#### THE RECORDS

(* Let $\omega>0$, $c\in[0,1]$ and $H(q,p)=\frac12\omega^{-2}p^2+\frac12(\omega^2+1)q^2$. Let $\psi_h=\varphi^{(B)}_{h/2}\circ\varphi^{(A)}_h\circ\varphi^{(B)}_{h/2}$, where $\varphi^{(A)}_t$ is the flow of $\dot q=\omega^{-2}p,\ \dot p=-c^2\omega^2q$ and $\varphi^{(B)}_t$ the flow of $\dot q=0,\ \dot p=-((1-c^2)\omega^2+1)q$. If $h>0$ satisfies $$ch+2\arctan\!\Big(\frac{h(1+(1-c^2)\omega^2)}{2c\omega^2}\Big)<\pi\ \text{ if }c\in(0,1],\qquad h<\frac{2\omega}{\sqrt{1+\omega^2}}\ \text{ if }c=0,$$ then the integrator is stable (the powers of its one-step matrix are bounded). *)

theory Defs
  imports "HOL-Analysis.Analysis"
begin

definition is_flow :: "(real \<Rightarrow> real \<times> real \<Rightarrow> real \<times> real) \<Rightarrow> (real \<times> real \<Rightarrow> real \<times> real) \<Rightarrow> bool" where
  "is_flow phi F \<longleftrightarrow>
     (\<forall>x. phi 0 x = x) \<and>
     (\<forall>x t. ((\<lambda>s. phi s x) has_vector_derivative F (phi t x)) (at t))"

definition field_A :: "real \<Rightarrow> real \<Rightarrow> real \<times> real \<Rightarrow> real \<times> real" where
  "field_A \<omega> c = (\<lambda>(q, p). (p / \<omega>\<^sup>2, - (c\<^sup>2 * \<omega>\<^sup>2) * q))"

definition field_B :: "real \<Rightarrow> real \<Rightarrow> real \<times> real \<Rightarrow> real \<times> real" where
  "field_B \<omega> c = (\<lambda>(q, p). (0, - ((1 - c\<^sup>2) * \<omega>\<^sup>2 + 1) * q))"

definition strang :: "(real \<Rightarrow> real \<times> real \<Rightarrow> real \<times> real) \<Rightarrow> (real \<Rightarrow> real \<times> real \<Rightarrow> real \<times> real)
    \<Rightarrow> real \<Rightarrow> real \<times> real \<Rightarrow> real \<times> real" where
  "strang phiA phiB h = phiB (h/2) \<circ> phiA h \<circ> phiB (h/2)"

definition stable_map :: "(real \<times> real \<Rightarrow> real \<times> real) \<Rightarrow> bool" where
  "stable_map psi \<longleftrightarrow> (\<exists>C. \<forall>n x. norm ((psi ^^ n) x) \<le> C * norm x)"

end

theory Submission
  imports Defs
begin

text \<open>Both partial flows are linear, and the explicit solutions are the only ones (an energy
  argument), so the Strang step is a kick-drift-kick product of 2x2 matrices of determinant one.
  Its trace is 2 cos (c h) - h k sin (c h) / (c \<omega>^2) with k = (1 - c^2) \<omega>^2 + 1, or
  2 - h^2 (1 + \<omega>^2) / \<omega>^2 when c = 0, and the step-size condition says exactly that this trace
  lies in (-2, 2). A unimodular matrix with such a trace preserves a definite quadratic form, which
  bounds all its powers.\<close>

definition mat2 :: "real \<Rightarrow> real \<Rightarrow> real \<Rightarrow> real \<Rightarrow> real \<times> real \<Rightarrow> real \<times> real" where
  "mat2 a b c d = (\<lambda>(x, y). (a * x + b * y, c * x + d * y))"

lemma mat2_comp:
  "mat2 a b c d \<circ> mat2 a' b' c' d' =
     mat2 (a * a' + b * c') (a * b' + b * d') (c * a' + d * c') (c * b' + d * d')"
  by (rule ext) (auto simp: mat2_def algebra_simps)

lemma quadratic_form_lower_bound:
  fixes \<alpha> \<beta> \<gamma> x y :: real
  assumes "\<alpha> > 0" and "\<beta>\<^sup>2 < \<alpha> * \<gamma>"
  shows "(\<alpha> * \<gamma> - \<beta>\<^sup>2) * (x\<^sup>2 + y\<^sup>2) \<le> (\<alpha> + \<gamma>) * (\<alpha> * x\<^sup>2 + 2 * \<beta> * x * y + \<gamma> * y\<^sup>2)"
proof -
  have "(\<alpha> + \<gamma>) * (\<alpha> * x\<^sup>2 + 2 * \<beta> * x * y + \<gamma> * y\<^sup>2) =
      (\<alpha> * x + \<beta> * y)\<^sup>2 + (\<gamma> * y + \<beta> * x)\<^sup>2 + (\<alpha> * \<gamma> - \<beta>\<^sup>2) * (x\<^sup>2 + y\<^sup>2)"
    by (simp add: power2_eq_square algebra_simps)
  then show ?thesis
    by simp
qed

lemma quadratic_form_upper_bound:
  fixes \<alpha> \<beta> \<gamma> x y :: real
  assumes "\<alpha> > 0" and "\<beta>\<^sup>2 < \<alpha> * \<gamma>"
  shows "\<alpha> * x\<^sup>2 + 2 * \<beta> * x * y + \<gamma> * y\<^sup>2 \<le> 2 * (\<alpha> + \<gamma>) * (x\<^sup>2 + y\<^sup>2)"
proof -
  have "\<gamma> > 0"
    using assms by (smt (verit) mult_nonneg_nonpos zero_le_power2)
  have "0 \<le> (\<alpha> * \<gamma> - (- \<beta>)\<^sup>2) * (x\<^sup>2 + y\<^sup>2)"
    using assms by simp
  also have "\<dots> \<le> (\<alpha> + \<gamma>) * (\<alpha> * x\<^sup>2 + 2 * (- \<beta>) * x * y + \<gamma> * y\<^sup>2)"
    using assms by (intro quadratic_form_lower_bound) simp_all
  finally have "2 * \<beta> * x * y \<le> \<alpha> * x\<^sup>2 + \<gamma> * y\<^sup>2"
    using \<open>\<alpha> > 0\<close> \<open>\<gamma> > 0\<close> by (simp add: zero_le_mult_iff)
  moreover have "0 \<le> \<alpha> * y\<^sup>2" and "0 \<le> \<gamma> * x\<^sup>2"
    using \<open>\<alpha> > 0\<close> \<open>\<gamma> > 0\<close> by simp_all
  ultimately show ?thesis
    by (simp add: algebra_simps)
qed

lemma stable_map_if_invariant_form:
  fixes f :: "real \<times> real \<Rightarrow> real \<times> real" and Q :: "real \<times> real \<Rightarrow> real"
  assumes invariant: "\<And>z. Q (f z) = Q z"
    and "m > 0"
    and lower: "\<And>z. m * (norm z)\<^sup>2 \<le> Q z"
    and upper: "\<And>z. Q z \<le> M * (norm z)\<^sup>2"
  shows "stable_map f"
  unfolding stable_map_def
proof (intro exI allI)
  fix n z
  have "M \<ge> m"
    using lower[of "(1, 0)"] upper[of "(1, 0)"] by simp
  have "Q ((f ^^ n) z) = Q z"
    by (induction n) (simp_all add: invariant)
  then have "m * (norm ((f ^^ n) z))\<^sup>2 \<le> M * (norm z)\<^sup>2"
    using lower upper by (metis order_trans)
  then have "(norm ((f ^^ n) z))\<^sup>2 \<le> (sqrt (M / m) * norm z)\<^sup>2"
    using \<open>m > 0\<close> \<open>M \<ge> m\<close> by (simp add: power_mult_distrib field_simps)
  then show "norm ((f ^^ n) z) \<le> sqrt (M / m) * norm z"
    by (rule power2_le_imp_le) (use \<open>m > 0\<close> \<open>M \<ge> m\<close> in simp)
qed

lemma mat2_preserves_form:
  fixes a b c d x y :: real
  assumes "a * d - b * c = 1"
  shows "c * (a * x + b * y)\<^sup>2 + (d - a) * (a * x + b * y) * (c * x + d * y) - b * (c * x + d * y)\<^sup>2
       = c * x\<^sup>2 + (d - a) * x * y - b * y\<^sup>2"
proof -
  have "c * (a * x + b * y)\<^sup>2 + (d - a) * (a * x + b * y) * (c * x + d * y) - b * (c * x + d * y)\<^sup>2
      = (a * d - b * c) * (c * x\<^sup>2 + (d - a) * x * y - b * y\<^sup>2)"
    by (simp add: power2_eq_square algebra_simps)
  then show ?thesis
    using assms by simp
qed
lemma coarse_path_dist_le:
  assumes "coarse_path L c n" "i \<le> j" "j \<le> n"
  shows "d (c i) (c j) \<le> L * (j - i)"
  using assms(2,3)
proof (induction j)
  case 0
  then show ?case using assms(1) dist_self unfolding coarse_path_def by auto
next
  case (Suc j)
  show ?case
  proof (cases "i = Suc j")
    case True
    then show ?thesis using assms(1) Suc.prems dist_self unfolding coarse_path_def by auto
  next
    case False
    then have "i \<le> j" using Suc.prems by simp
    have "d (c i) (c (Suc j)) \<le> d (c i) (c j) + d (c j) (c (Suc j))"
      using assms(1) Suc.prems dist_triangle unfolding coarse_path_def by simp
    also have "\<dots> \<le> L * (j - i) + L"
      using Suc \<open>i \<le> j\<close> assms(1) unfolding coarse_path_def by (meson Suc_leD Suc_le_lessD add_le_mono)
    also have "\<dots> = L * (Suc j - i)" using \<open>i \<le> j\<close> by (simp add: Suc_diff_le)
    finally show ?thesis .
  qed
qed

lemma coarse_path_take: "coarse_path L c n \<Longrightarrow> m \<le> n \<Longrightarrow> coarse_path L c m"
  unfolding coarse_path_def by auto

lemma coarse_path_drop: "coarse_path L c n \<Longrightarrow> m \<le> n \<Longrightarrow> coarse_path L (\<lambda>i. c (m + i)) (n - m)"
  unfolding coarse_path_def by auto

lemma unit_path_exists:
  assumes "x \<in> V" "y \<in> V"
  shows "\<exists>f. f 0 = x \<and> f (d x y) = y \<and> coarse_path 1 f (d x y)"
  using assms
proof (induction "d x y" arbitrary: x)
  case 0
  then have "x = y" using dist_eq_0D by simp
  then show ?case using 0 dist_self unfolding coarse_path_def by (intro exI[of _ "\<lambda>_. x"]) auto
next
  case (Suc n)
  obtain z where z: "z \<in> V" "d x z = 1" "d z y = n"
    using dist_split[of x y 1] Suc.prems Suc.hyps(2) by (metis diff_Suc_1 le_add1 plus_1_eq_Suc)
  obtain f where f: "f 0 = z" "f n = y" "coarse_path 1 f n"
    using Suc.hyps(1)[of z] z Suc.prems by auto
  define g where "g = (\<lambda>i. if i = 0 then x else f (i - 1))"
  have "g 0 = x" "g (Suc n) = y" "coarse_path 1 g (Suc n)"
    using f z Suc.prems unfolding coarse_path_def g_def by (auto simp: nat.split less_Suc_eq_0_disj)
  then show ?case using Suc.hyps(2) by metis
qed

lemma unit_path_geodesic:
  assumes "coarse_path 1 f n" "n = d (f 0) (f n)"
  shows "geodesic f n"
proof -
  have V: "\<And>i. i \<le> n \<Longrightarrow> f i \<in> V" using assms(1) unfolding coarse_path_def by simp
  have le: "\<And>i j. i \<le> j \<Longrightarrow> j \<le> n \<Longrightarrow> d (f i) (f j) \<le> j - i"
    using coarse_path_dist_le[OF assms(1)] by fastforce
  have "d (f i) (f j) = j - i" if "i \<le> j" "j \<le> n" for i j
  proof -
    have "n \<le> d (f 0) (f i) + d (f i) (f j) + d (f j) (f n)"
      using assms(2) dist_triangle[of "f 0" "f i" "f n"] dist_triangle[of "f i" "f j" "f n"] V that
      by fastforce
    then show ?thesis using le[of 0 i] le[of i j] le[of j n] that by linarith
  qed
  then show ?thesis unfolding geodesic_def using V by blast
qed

########

Each line of the entries where the string "also" occurs should be shown.

  also have "\<dots> \<le> (\<alpha> + \<gamma>) * (\<alpha> * x\<^sup>2 + 2 * (- \<beta>) * x * y + \<gamma> * y\<^sup>2)"
    also have "\<dots> \<le> L * (j - i) + L"
    also have "\<dots> = L * (Suc j - i)" using \<open>i \<le> j\<close> by (simp add: Suc_diff_le)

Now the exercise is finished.